- [SUPPLIED RECORDS]:

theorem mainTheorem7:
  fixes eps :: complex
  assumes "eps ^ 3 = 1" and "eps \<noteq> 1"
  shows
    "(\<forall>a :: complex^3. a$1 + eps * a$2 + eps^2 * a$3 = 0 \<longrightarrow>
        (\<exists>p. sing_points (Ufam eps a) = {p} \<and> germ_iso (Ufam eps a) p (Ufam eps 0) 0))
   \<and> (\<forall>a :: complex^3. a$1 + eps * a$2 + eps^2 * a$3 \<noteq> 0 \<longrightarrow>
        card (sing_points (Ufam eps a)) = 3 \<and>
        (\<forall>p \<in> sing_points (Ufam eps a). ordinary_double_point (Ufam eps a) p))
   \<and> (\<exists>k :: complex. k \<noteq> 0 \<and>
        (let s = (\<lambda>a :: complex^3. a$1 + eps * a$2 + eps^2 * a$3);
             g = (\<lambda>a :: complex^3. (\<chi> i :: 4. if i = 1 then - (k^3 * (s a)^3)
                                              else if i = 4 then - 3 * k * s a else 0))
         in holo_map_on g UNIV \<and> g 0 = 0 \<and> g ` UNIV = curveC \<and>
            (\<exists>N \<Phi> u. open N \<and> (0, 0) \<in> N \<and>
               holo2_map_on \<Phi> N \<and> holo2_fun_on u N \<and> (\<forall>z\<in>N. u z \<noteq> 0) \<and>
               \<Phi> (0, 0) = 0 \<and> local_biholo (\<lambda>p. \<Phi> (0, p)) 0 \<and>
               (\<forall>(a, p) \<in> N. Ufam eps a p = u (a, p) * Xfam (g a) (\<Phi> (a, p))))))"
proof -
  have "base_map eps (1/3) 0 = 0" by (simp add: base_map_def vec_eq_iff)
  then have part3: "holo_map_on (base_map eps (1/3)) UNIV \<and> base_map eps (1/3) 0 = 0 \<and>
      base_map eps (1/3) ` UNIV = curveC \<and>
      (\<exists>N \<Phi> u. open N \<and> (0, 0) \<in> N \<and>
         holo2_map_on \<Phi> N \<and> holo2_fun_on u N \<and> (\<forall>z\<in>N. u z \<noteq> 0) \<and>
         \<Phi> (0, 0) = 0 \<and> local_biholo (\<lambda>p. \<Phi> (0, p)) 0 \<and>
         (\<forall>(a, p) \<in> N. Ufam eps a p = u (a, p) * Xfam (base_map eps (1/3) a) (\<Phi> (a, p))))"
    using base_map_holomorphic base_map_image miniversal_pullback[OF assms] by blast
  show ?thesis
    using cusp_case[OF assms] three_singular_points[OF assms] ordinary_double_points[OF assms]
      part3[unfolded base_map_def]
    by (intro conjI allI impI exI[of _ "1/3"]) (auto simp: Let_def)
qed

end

---

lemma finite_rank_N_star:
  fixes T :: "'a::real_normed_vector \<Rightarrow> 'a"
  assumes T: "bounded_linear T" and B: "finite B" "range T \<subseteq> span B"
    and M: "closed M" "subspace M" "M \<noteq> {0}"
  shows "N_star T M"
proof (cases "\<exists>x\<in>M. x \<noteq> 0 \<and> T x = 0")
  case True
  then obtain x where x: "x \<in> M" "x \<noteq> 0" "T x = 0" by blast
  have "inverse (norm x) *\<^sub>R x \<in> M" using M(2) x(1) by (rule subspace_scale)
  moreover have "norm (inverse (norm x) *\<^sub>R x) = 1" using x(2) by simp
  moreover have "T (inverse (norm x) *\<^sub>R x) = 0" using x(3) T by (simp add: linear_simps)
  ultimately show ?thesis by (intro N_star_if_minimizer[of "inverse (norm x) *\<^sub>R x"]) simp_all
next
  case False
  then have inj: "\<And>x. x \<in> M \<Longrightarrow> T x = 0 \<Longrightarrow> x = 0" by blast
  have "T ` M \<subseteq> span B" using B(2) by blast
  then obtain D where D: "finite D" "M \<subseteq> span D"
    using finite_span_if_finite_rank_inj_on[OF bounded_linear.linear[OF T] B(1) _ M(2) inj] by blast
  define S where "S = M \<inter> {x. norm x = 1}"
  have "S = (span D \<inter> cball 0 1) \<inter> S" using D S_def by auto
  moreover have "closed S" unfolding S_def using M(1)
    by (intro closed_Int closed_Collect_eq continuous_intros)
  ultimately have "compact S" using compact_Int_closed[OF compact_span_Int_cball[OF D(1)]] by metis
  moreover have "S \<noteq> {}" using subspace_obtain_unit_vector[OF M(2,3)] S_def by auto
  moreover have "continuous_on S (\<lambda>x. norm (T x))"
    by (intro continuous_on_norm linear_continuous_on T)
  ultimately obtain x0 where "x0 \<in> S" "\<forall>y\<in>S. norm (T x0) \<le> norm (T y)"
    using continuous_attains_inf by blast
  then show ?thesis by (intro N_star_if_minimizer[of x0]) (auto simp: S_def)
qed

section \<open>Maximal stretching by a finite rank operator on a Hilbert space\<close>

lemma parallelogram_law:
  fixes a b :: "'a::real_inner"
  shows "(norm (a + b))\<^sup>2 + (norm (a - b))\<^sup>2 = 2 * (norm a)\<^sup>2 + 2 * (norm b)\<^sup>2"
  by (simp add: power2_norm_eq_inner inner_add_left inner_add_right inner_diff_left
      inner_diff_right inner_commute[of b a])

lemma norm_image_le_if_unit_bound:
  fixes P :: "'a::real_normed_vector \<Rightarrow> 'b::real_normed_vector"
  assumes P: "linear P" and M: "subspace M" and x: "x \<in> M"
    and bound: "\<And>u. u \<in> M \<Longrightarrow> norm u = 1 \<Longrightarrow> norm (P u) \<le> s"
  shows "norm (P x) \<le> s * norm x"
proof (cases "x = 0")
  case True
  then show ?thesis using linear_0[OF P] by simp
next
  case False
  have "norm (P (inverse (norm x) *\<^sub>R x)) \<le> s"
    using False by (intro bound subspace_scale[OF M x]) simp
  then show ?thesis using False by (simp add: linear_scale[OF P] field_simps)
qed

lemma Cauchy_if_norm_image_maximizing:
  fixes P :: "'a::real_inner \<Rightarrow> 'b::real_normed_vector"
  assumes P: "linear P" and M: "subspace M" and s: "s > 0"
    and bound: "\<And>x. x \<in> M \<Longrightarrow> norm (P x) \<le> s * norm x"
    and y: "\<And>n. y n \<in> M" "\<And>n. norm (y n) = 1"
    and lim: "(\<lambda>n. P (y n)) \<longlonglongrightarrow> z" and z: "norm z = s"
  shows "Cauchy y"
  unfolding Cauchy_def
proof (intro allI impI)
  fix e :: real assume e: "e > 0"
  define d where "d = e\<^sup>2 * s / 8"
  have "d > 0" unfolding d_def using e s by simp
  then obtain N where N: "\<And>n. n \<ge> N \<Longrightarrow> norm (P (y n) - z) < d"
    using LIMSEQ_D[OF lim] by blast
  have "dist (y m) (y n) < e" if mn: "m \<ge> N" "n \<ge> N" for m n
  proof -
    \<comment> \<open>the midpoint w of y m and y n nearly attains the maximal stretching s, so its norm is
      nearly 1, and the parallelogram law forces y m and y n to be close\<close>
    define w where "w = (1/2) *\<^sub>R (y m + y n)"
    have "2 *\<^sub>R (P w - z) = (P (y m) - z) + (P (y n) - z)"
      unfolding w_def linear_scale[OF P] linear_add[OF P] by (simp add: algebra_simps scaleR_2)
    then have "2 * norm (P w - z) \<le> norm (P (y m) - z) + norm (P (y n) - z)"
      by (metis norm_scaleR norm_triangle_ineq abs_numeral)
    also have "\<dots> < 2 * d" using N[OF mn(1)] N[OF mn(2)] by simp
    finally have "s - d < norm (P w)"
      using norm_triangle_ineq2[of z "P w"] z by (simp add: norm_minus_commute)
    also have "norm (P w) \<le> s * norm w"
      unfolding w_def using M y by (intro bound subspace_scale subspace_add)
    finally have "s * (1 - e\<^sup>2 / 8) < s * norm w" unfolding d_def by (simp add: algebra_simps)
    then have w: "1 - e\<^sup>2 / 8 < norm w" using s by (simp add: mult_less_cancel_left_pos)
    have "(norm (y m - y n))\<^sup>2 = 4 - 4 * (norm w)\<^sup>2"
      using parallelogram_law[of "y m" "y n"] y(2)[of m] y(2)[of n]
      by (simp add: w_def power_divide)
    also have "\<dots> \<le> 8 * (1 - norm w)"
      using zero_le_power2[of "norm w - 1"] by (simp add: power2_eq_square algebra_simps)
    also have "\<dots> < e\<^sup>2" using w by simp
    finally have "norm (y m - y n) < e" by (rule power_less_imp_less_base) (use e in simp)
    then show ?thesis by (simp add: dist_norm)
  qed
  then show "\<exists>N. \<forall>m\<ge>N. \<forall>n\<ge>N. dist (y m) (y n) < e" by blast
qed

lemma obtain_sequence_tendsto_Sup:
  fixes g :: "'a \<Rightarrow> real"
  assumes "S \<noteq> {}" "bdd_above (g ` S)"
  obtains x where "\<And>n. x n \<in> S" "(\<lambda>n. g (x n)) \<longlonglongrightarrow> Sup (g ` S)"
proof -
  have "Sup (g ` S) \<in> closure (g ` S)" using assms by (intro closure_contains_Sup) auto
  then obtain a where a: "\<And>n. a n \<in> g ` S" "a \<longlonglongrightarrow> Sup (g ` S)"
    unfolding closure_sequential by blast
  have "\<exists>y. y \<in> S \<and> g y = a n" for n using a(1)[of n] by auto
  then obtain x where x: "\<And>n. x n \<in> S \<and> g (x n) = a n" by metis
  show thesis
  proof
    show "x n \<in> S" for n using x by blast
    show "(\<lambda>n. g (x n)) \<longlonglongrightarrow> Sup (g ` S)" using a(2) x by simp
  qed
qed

- [HOW TO COMPLETE THIS TASK]: Using the entries above, return each line in which the word "UNIV" occurs.

- [TASK SOLUTION]:
         in holo_map_on g UNIV \<and> g 0 = 0 \<and> g ` UNIV = curveC \<and>
  then have part3: "holo_map_on (base_map eps (1/3)) UNIV \<and> base_map eps (1/3) 0 = 0 \<and>
      base_map eps (1/3) ` UNIV = curveC \<and>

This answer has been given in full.